Requirement: What is needed is a verbatim copy of all the records.

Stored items
definition is_rank_function :: "'a set \<Rightarrow> ('a \<Rightarrow> 'a \<Rightarrow> bool) \<Rightarrow> ('a \<Rightarrow> nat) \<Rightarrow> bool" where
  "is_rank_function P le r \<longleftrightarrow>
     (\<forall>x\<in>minimals le P. r x = 1) \<and>
     (\<forall>x\<in>P. \<forall>y\<in>P. covers P le x y \<longrightarrow> r x = r y + 1)"

definition rank_of :: "'a set \<Rightarrow> ('a \<Rightarrow> nat) \<Rightarrow> nat" where
  "rank_of P r = Max (insert 0 (r ` P))"

definition full_rank_ideal :: "'a set \<Rightarrow> ('a \<Rightarrow> nat) \<Rightarrow> nat \<Rightarrow> 'a set" where
  "full_rank_ideal P r j = {x\<in>P. r x \<le> j}"

definition lower_ideal :: "'a set \<Rightarrow> ('a \<Rightarrow> 'a \<Rightarrow> bool) \<Rightarrow> 'a set \<Rightarrow> bool" where
  "lower_ideal Q le I \<longleftrightarrow> I \<subseteq> Q \<and> (\<forall>x\<in>I. \<forall>y\<in>Q. le y x \<longrightarrow> y \<in> I)"

definition rowX :: "'a set \<Rightarrow> ('a \<Rightarrow> 'a \<Rightarrow> bool) \<Rightarrow> 'a set \<Rightarrow> 'a set" where
  "rowX Q le I = {y\<in>Q. \<exists>x\<in>minimals le (Q - I). le y x}"

definition prod_carrier :: "nat \<Rightarrow> 'a set \<Rightarrow> (nat \<times> 'a) set" where
  "prod_carrier m P = {1..m} \<times> P"

definition prod_le :: "('a \<Rightarrow> 'a \<Rightarrow> bool) \<Rightarrow> nat \<times> 'a \<Rightarrow> nat \<times> 'a \<Rightarrow> bool" where
  "prod_le le p q \<longleftrightarrow> fst p \<le> fst q \<and> le (snd p) (snd q)"

definition slice :: "(nat \<times> 'a) set \<Rightarrow> nat \<Rightarrow> 'a set" where
  "slice I j = {a. (j, a) \<in> I}"

definition full_rank :: "nat \<Rightarrow> 'a set \<Rightarrow> ('a \<Rightarrow> nat) \<Rightarrow> (nat \<times> 'a) set \<Rightarrow> bool" where
  "full_rank m P r I \<longleftrightarrow>
     (\<forall>j\<in>{1..m}. \<exists>k\<le>rank_of P r. slice I j = full_rank_ideal P r k)"

end

theory Submission
  imports Defs
begin

text \<open>
  In a finite graded poset every maximal element has top rank, so each element lies below elements
  of every rank between its own and the top. If the rows of a lower ideal \<open>J\<close> of \<open>[m] \<times> P\<close> are
  \<open>L\<^sub>k\<^sub>1 \<supseteq> \<dots> \<supseteq> L\<^sub>k\<^sub>m\<close>, the minimal elements \<open>(j,a)\<close> of the complement are determined by \<open>j\<close> and
  the rank of \<open>a\<close> alone (\<open>r a = k\<^sub>j + 1 \<le> k\<^sub>j\<^sub>-\<^sub>1\<close>). Hence they form whole rank levels in each row,
  and the rows of \<open>\<X>(J)\<close>, being down-closures of such levels, are again of the form \<open>L\<^sub>t\<close>.
\<close>

lemma lower_ideal_rowX:
  assumes "\<forall>x\<in>Q. \<forall>y\<in>Q. \<forall>z\<in>Q. le x y \<longrightarrow> le y z \<longrightarrow> le x z"
  shows "lower_ideal Q le (rowX Q le J)"
  using assms unfolding lower_ideal_def rowX_def minimals_def by blast

locale ranked_poset =
  fixes P :: "'a set" and le :: "'a \<Rightarrow> 'a \<Rightarrow> bool" and r :: "'a \<Rightarrow> nat"
  assumes finite_P: "finite P" and poset: "poset_on P le"
    and rank_function: "is_rank_function P le r"
begin

lemma P_refl: "x \<in> P \<Longrightarrow> le x x"
  using poset unfolding poset_on_def by blast

lemma P_antisym: "x \<in> P \<Longrightarrow> y \<in> P \<Longrightarrow> le x y \<Longrightarrow> le y x \<Longrightarrow> x = y"
  using poset unfolding poset_on_def by blast

lemma P_trans: "x \<in> P \<Longrightarrow> y \<in> P \<Longrightarrow> z \<in> P \<Longrightarrow> le x y \<Longrightarrow> le y z \<Longrightarrow> le x z"
  using poset unfolding poset_on_def by blast

lemma rank_minimal: "x \<in> minimals le P \<Longrightarrow> r x = 1"
  using rank_function unfolding is_rank_function_def by blast

lemma rank_cover: "covers P le x y \<Longrightarrow> r x = r y + 1"
  using rank_function unfolding is_rank_function_def covers_def by blast

lemma rank_strict_mono:
  assumes "x \<in> P" "y \<in> P" "le x y" "x \<noteq> y"
  shows "r x < r y"
  using assms
proof (induction "card {z\<in>P. le x z \<and> le z y}" arbitrary: x y rule: less_induct)
  case less
  show ?case
  proof (cases "covers P le y x")
    case True
    then show ?thesis using rank_cover by fastforce
  next
    case False
    then obtain z where z: "z \<in> P" "le x z" "le z y" "z \<noteq> x" "z \<noteq> y"
      using less.prems unfolding covers_def by blast
    have finite_interval: "finite {w\<in>P. le x w \<and> le w y}"
      using finite_P by simp
    have "{w\<in>P. le x w \<and> le w z} \<subset> {w\<in>P. le x w \<and> le w y}"
      using less.prems z P_refl P_trans P_antisym by blast
    then have "r x < r z"
      using less.hyps[OF psubset_card_mono[OF finite_interval]] less.prems z by blast
    moreover have "{w\<in>P. le z w \<and> le w y} \<subset> {w\<in>P. le x w \<and> le w y}"
      using less.prems z P_refl P_trans P_antisym by blast
    then have "r z < r y"
      using less.hyps[OF psubset_card_mono[OF finite_interval]] less.prems z by blast
    ultimately show ?thesis by simp
  qed
qed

Task response:
definition is_rank_function :: "'a set \<Rightarrow> ('a \<Rightarrow> 'a \<Rightarrow> bool) \<Rightarrow> ('a \<Rightarrow> nat) \<Rightarrow> bool" where
  "is_rank_function P le r \<longleftrightarrow>
     (\<forall>x\<in>minimals le P. r x = 1) \<and>
     (\<forall>x\<in>P. \<forall>y\<in>P. covers P le x y \<longrightarrow> r x = r y + 1)"

definition rank_of :: "'a set \<Rightarrow> ('a \<Rightarrow> nat) \<Rightarrow> nat" where
  "rank_of P r = Max (insert 0 (r ` P))"

definition full_rank_ideal :: "'a set \<Rightarrow> ('a \<Rightarrow> nat) \<Rightarrow> nat \<Rightarrow> 'a set" where
  "full_rank_ideal P r j = {x\<in>P. r x \<le> j}"

definition lower_ideal :: "'a set \<Rightarrow> ('a \<Rightarrow> 'a \<Rightarrow> bool) \<Rightarrow> 'a set \<Rightarrow> bool" where
  "lower_ideal Q le I \<longleftrightarrow> I \<subseteq> Q \<and> (\<forall>x\<in>I. \<forall>y\<in>Q. le y x \<longrightarrow> y \<in> I)"

definition rowX :: "'a set \<Rightarrow> ('a \<Rightarrow> 'a \<Rightarrow> bool) \<Rightarrow> 'a set \<Rightarrow> 'a set" where
  "rowX Q le I = {y\<in>Q. \<exists>x\<in>minimals le (Q - I). le y x}"

definition prod_carrier :: "nat \<Rightarrow> 'a set \<Rightarrow> (nat \<times> 'a) set" where
  "prod_carrier m P = {1..m} \<times> P"

definition prod_le :: "('a \<Rightarrow> 'a \<Rightarrow> bool) \<Rightarrow> nat \<times> 'a \<Rightarrow> nat \<times> 'a \<Rightarrow> bool" where
  "prod_le le p q \<longleftrightarrow> fst p \<le> fst q \<and> le (snd p) (snd q)"

definition slice :: "(nat \<times> 'a) set \<Rightarrow> nat \<Rightarrow> 'a set" where
  "slice I j = {a. (j, a) \<in> I}"

definition full_rank :: "nat \<Rightarrow> 'a set \<Rightarrow> ('a \<Rightarrow> nat) \<Rightarrow> (nat \<times> 'a) set \<Rightarrow> bool" where
  "full_rank m P r I \<longleftrightarrow>
     (\<forall>j\<in>{1..m}. \<exists>k\<le>rank_of P r. slice I j = full_rank_ideal P r k)"

end

theory Submission
  imports Defs
begin

text \<open>
  In a finite graded poset every maximal element has top rank, so each element lies below elements
  of every rank between its own and the top. If the rows of a lower ideal \<open>J\<close> of \<open>[m] \<times> P\<close> are
  \<open>L\<^sub>k\<^sub>1 \<supseteq> \<dots> \<supseteq> L\<^sub>k\<^sub>m\<close>, the minimal elements \<open>(j,a)\<close> of the complement are determined by \<open>j\<close> and
  the rank of \<open>a\<close> alone (\<open>r a = k\<^sub>j + 1 \<le> k\<^sub>j\<^sub>-\<^sub>1\<close>). Hence they form whole rank levels in each row,
  and the rows of \<open>\<X>(J)\<close>, being down-closures of such levels, are again of the form \<open>L\<^sub>t\<close>.
\<close>

lemma lower_ideal_rowX:
  assumes "\<forall>x\<in>Q. \<forall>y\<in>Q. \<forall>z\<in>Q. le x y \<longrightarrow> le y z \<longrightarrow> le x z"
  shows "lower_ideal Q le (rowX Q le J)"
  using assms unfolding lower_ideal_def rowX_def minimals_def by blast

locale ranked_poset =
  fixes P :: "'a set" and le :: "'a \<Rightarrow> 'a \<Rightarrow> bool" and r :: "'a \<Rightarrow> nat"
  assumes finite_P: "finite P" and poset: "poset_on P le"
    and rank_function: "is_rank_function P le r"
begin

lemma P_refl: "x \<in> P \<Longrightarrow> le x x"
  using poset unfolding poset_on_def by blast

lemma P_antisym: "x \<in> P \<Longrightarrow> y \<in> P \<Longrightarrow> le x y \<Longrightarrow> le y x \<Longrightarrow> x = y"
  using poset unfolding poset_on_def by blast

lemma P_trans: "x \<in> P \<Longrightarrow> y \<in> P \<Longrightarrow> z \<in> P \<Longrightarrow> le x y \<Longrightarrow> le y z \<Longrightarrow> le x z"
  using poset unfolding poset_on_def by blast

lemma rank_minimal: "x \<in> minimals le P \<Longrightarrow> r x = 1"
  using rank_function unfolding is_rank_function_def by blast

lemma rank_cover: "covers P le x y \<Longrightarrow> r x = r y + 1"
  using rank_function unfolding is_rank_function_def covers_def by blast

lemma rank_strict_mono:
  assumes "x \<in> P" "y \<in> P" "le x y" "x \<noteq> y"
  shows "r x < r y"
  using assms
proof (induction "card {z\<in>P. le x z \<and> le z y}" arbitrary: x y rule: less_induct)
  case less
  show ?case
  proof (cases "covers P le y x")
    case True
    then show ?thesis using rank_cover by fastforce
  next
    case False
    then obtain z where z: "z \<in> P" "le x z" "le z y" "z \<noteq> x" "z \<noteq> y"
      using less.prems unfolding covers_def by blast
    have finite_interval: "finite {w\<in>P. le x w \<and> le w y}"
      using finite_P by simp
    have "{w\<in>P. le x w \<and> le w z} \<subset> {w\<in>P. le x w \<and> le w y}"
      using less.prems z P_refl P_trans P_antisym by blast
    then have "r x < r z"
      using less.hyps[OF psubset_card_mono[OF finite_interval]] less.prems z by blast
    moreover have "{w\<in>P. le z w \<and> le w y} \<subset> {w\<in>P. le x w \<and> le w y}"
      using less.prems z P_refl P_trans P_antisym by blast
    then have "r z < r y"
      using less.hyps[OF psubset_card_mono[OF finite_interval]] less.prems z by blast
    ultimately show ?thesis by simp
  qed
qed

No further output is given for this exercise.